Все слушатели смущенно засмеялись, девушка даже закрыла лицо руками. Люксембург, не в пример им, продолжала уже серьезно, раскрасневшись от неожиданного воодушевления.

— Так вот! Однажды, отчаявшись и прокляв безмозглых американозов, не понимающих его тонкость, сел тот поэт никому не нужный за машинку и стал просто набивать, как все у него есть, без бунинских прикрас и экивоков. О том, какой он дурак, что надеялся на рай, уехав, и как ему, извините, хреново. Матом прямо. Про все его аморальные поступки, сделанные от безысходной кручины. С генитальными подробностями. Например, детально и выразительно описал, как негру дал, то ли под мостом, то ли на чердаке…

Купе притихло. А ритмическая музыка колес показалась частью какой-то развязной мелодии из вульгарной оперетты, от чего всем, кроме Люксембург, стало еще более неловко.

— Что значит… — осторожно не то спросил, не то обозначил начало предположения Эйнштейн.

— А вот то и значит! — пояснила Люксембург. — Мы вот с ней знаем, — она указала на девушку, — что это значит.

Купе содрогнулось от хохота, девушка отвернулась и рухнула лицом в подушку, только вздрагивали плечи.

— Да, вам смешно! А между тем, именно этот варварский роман, который поэт с отчаянья настучал, у него и взяли в издательстве, и напечатали, и всё у него с тех пор пошло чики-чики. Гонорары и признание. Нашел золотую жилу. Так и пишет, кажется, по сей день, в том же русле.

— Мораль? — проскрипел Эйнштейн, утирая слезу. — Сейчас многие так пишут, новые классики, золотая жила, ой, не могу!..

— Мораль?! — воскликнула будущая американка. — А в том и мораль, и формула! Чтобы в жизни, особенно в новой, не просто устроиться, а засветиться, прославиться, стать признанным и так далее, нужно, фигурально выражаясь…

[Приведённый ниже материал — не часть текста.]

text \<open>The substitution \<open>t = y powr p / p\<close> turns this into the Gamma integral.\<close>
lemma powr_exp_neg_powr_integral_Ioi:
  fixes p r :: real
  assumes p: "p > 0" and r: "r \<ge> 0"
  shows "(\<lambda>y. y powr r * exp (- (y powr p) / p)) absolutely_integrable_on {0<..}"
    and "integral {0<..} (\<lambda>y. y powr r * exp (- (y powr p) / p)) = p powr ((r+1)/p - 1) * Gamma ((r+1)/p)"
proof -
  define a where "a = (r + 1) / p"
  have a: "a > 0" using p r by (simp add: a_def)
  let ?h = "\<lambda>y. y powr r * exp (- (y powr p) / p)"
  have der: "((\<lambda>y. y powr p / p) has_field_derivative y powr (p - 1)) (at y within {0<..})"
    if "y \<in> {0<..}" for y
    using that p by (auto intro!: derivative_eq_intros simp: powr_diff field_simps)
  let ?g = "\<lambda>y. \<bar>y powr (p - 1)\<bar> * ((y powr p / p) powr (a - 1) / exp (y powr p / p))"
  have cov: "?g absolutely_integrable_on {0<..} \<and> integral {0<..} ?g = Gamma a"
    using has_absolute_integral_change_of_variables_1'[OF _ der powr_div_bij_Ioi(1)[OF p],
        where f = "\<lambda>t. t powr (a - 1) / exp t" and b = "Gamma a"]
      powr_div_bij_Ioi(2)[OF p] Gamma_integral_real_Ioi[OF a] by auto
  have g_eq: "?g y = p powr (1 - a) * ?h y" if "y \<in> {0<..}" for y
    using powr_exp_neg_powr_substitution[OF p] that unfolding a_def by auto
  have sub: "(\<lambda>y. p powr (1 - a) * ?h y) absolutely_integrable_on {0<..}"
    by (rule absolutely_integrable_spike[where f = ?g and S = "{}"]) (use cov g_eq in auto)
  have sub_int: "integral {0<..} (\<lambda>y. p powr (1 - a) * ?h y) = Gamma a"
    using cov integral_cong[of "{0<..}" ?g "\<lambda>y. p powr (1 - a) * ?h y"] g_eq by simp
  have pp: "p powr (a - 1) * p powr (1 - a) = 1" using p by (simp add: powr_add[symmetric])
  have scaled: "?h = (\<lambda>y. p powr (a - 1) * (p powr (1 - a) * ?h y))"
    using pp by (simp add: mult.assoc[symmetric])
  show "?h absolutely_integrable_on {0<..}"
    by (subst scaled) (use absolutely_integrable_scaleR_left[OF sub, of "p powr (a - 1)"] in simp)
  show "integral {0<..} ?h = p powr ((r+1)/p - 1) * Gamma ((r+1)/p)"
  proof -
    have "p powr (1 - a) * integral {0<..} ?h = Gamma a"
      using sub_int integral_cmul[of "{0<..}" "p powr (1 - a)" ?h] by simp
    then have "integral {0<..} ?h = p powr (a - 1) * Gamma a"
      using pp by (metis mult.assoc mult_1)
    then show ?thesis by (simp add: a_def)
  qed
qed

lemma abs_powr_exp_neg_powr_lborel:
  fixes p r :: real
  assumes p: "p > 0" and r: "r \<ge> 0"
  shows "integrable lborel (\<lambda>y. \<bar>y\<bar> powr r * exp (- (\<bar>y\<bar> powr p) / p))"
    and "(LINT y|lborel. \<bar>y\<bar> powr r * exp (- (\<bar>y\<bar> powr p) / p))
           = 2 * (p powr ((r+1)/p - 1) * Gamma ((r+1)/p))"
proof -
  let ?h = "\<lambda>y::real. y powr r * exp (- (y powr p) / p)"
  define G where "G = (\<lambda>y::real. indicator {0<..} y *\<^sub>R ?h y)"
  define K where "K = p powr ((r+1)/p - 1) * Gamma ((r+1)/p)"
  have M: "set_integrable lebesgue {0<..} ?h" "integral {0<..} ?h = K"
    using powr_exp_neg_powr_integral_Ioi[OF p r]
    unfolding K_def absolutely_integrable_on_def by auto
  have Gm: "G \<in> borel_measurable lborel" unfolding G_def by measurable
  have iG: "integrable lborel G"
    using M(1) integrable_completion[OF Gm] unfolding set_integrable_def G_def by simp
  have LG: "integral\<^sup>L lborel G = K"
    using set_lebesgue_integral_eq_integral(2)[OF M(1)] M(2) integral_completion[OF Gm]
    unfolding set_lebesgue_integral_def G_def by simp
  have iG': "integrable lborel (\<lambda>y. G (0 + (-1) * y))"
    using lborel_integrable_real_affine_iff[of "-1" G 0] iG by simp
  have LG': "integral\<^sup>L lborel (\<lambda>y. G (0 + (-1) * y)) = K"
    using lborel_integral_real_affine[of "-1" G 0] LG by simp
  have split: "(\<lambda>y. \<bar>y\<bar> powr r * exp (- (\<bar>y\<bar> powr p) / p)) = (\<lambda>y. G y + G (0 + (-1) * y))"
  proof
    fix y :: real
    show "\<bar>y\<bar> powr r * exp (- (\<bar>y\<bar> powr p) / p) = G y + G (0 + (-1) * y)"
      unfolding G_def by (cases "y > 0"; cases "y < 0") (auto simp: indicator_def)
  qed
  show "integrable lborel (\<lambda>y. \<bar>y\<bar> powr r * exp (- (\<bar>y\<bar> powr p) / p))"
    unfolding split using iG iG' by simp
  show "(LINT y|lborel. \<bar>y\<bar> powr r * exp (- (\<bar>y\<bar> powr p) / p))
           = 2 * (p powr ((r+1)/p - 1) * Gamma ((r+1)/p))"
    unfolding split using iG iG' LG LG' K_def by simp
qed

— Дать негру! — подсказал Эйнштейн.

Новый взрыв хохота совпал с ударом, сопровожденным скрежетом, как будто поезд врезался в гору и еще некоторое время сминался, перед тем как остановиться. В результате Люксембург съехала с полки и оказалась на четвереньках в проходе. Эйнштейн, ухватившись за что-то рукой, повис на своей полке, как цирковой джигит на скакуне. Олега откинуло спиной на лежащую девушку, которая захватила его в объятиях, и не отпускала, пока не унялось «землетрясение», — ее положение, исходя из направления инерции, оказалось самым безопасным.

Во время торможения, лязгнув, сама собой открылась дверь купе.

Поезд стоял. По вагону разносились жалобы и возмущенные возгласы, в том числе на непонятном языке, в которых угадывались ноты от колоритных голов, посетивших недавно купе.

Эйнштейн выскочил вон, скоро его уже было слышно где-то в конце коридора, он с кем-то разговаривал.

Люксембург, чертыхаясь, потёрла коленки, села, принялась причесываться.